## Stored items
◇ ◇ ◇ ◇
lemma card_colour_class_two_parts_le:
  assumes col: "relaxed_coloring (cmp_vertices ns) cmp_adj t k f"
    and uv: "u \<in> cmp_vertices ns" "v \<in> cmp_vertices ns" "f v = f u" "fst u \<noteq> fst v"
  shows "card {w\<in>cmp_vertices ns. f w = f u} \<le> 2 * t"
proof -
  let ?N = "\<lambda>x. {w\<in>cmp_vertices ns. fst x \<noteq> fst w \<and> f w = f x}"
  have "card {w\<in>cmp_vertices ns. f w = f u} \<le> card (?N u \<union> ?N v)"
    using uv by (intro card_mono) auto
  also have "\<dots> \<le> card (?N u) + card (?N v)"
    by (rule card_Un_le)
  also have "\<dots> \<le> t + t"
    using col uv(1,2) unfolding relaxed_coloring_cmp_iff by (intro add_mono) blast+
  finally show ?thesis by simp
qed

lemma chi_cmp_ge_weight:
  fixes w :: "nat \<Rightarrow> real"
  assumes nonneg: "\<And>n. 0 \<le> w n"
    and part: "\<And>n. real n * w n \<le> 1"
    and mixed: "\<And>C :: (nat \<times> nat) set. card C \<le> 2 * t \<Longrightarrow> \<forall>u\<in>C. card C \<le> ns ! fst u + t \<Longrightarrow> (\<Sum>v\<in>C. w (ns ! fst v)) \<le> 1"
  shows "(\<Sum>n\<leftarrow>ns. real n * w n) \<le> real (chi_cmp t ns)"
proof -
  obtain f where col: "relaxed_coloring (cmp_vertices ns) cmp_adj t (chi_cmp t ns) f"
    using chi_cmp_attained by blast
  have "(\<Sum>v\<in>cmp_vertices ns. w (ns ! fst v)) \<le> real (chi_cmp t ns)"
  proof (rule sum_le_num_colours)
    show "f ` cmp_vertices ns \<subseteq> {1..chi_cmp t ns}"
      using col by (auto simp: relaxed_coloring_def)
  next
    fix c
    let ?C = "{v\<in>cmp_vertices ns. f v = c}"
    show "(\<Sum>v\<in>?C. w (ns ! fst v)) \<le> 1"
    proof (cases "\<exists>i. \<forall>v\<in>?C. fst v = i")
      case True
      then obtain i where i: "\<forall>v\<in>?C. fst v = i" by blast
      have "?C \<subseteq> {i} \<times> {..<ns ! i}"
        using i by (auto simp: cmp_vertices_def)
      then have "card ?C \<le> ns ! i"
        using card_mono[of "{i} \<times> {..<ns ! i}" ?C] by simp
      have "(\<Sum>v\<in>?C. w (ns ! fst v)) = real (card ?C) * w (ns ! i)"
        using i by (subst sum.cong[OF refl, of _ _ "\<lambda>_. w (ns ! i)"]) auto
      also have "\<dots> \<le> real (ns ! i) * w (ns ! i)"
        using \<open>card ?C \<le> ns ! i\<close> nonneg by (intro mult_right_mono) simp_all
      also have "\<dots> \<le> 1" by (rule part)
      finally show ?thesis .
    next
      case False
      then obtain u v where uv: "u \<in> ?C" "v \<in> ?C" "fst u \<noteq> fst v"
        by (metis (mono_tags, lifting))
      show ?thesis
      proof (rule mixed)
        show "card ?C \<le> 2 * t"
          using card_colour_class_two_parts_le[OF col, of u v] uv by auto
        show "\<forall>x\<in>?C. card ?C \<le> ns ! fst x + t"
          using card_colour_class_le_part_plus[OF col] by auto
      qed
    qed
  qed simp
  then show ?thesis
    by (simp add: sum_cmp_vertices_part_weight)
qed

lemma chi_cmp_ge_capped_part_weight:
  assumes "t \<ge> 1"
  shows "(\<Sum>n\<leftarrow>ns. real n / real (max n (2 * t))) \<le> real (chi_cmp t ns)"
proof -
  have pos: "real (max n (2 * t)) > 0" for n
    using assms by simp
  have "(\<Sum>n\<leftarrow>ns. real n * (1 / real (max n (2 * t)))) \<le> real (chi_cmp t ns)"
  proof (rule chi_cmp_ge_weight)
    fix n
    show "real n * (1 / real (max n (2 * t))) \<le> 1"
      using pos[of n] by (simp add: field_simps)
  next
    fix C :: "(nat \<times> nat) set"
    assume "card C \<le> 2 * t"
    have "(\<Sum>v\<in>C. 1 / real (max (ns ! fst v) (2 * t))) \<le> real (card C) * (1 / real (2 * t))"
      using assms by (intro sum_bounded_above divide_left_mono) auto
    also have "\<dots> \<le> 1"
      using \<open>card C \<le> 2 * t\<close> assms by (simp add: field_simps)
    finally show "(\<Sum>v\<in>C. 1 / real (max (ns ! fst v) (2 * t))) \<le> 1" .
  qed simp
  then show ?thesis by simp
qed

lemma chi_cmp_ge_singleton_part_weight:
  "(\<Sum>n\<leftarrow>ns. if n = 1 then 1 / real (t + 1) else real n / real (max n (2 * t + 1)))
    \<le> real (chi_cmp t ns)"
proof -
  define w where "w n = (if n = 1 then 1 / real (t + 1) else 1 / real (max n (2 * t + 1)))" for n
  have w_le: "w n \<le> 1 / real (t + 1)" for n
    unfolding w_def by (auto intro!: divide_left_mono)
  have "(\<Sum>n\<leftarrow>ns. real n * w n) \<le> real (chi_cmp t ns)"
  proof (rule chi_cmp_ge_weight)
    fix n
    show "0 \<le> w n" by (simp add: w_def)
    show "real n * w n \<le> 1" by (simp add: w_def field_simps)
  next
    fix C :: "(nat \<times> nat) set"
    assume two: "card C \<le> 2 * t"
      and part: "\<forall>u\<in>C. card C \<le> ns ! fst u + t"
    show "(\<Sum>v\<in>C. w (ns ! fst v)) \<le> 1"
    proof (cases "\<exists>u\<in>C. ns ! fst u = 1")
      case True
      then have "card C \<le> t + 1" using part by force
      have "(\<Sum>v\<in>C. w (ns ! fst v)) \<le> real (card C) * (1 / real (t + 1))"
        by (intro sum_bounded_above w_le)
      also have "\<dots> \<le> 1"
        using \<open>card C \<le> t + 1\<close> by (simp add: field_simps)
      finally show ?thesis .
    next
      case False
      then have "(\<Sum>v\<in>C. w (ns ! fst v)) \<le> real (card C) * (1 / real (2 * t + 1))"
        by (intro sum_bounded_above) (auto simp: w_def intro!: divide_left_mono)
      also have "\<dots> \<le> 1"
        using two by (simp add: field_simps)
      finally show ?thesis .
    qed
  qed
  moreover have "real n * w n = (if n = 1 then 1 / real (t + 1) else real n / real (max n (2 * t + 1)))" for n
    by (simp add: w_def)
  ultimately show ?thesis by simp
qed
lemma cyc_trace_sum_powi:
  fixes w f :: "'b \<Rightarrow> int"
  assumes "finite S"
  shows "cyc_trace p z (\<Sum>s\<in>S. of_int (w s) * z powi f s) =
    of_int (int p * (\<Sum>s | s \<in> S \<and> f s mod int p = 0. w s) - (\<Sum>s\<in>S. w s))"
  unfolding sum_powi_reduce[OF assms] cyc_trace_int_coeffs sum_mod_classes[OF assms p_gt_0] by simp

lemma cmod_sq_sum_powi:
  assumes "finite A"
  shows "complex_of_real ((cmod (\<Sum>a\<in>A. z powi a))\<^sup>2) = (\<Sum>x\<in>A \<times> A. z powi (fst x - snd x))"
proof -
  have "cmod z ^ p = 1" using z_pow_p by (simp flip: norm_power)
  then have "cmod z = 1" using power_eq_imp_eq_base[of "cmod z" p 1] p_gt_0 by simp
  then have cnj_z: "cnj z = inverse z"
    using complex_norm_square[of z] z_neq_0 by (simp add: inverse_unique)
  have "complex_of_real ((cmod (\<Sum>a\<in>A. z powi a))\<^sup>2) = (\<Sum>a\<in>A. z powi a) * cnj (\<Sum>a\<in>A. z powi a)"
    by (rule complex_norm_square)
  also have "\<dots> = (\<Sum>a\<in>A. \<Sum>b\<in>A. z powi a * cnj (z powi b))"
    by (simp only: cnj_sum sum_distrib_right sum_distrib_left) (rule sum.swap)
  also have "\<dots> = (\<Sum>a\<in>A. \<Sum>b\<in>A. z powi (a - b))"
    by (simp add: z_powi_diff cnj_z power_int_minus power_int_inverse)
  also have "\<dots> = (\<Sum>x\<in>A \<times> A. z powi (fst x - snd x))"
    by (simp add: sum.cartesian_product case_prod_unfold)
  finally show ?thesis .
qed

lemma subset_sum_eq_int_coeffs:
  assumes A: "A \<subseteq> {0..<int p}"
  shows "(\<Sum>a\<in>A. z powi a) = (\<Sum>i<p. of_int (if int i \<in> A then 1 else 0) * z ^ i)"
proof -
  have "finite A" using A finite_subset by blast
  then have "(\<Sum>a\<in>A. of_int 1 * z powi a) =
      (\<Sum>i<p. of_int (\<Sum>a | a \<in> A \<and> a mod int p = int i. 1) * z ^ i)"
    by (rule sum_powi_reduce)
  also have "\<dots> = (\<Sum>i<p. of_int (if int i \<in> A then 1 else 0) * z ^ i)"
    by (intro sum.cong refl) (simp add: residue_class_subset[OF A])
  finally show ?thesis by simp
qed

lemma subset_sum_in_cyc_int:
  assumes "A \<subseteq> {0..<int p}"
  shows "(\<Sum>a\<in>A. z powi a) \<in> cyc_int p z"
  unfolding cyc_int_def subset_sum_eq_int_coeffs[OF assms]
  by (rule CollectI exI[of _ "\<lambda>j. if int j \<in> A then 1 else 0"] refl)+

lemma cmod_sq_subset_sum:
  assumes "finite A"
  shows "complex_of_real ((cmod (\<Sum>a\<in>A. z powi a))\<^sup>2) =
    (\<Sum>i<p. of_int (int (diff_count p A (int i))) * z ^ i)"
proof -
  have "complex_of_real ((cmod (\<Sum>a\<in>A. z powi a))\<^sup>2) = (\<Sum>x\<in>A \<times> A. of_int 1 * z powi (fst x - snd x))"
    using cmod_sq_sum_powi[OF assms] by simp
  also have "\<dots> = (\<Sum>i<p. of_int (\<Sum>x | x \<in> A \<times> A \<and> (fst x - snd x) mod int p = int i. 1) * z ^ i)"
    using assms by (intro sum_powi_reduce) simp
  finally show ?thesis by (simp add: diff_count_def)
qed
◇ ◇ ◇ ◇
## Work item
Print, exactly as written, the first line of the records above and each line after it until the line with "card (?N u)", which is printed too.

## Reply
lemma card_colour_class_two_parts_le:
  assumes col: "relaxed_coloring (cmp_vertices ns) cmp_adj t k f"
    and uv: "u \<in> cmp_vertices ns" "v \<in> cmp_vertices ns" "f v = f u" "fst u \<noteq> fst v"
  shows "card {w\<in>cmp_vertices ns. f w = f u} \<le> 2 * t"
proof -
  let ?N = "\<lambda>x. {w\<in>cmp_vertices ns. fst x \<noteq> fst w \<and> f w = f x}"
  have "card {w\<in>cmp_vertices ns. f w = f u} \<le> card (?N u \<union> ?N v)"
    using uv by (intro card_mono) auto
  also have "\<dots> \<le> card (?N u) + card (?N v)"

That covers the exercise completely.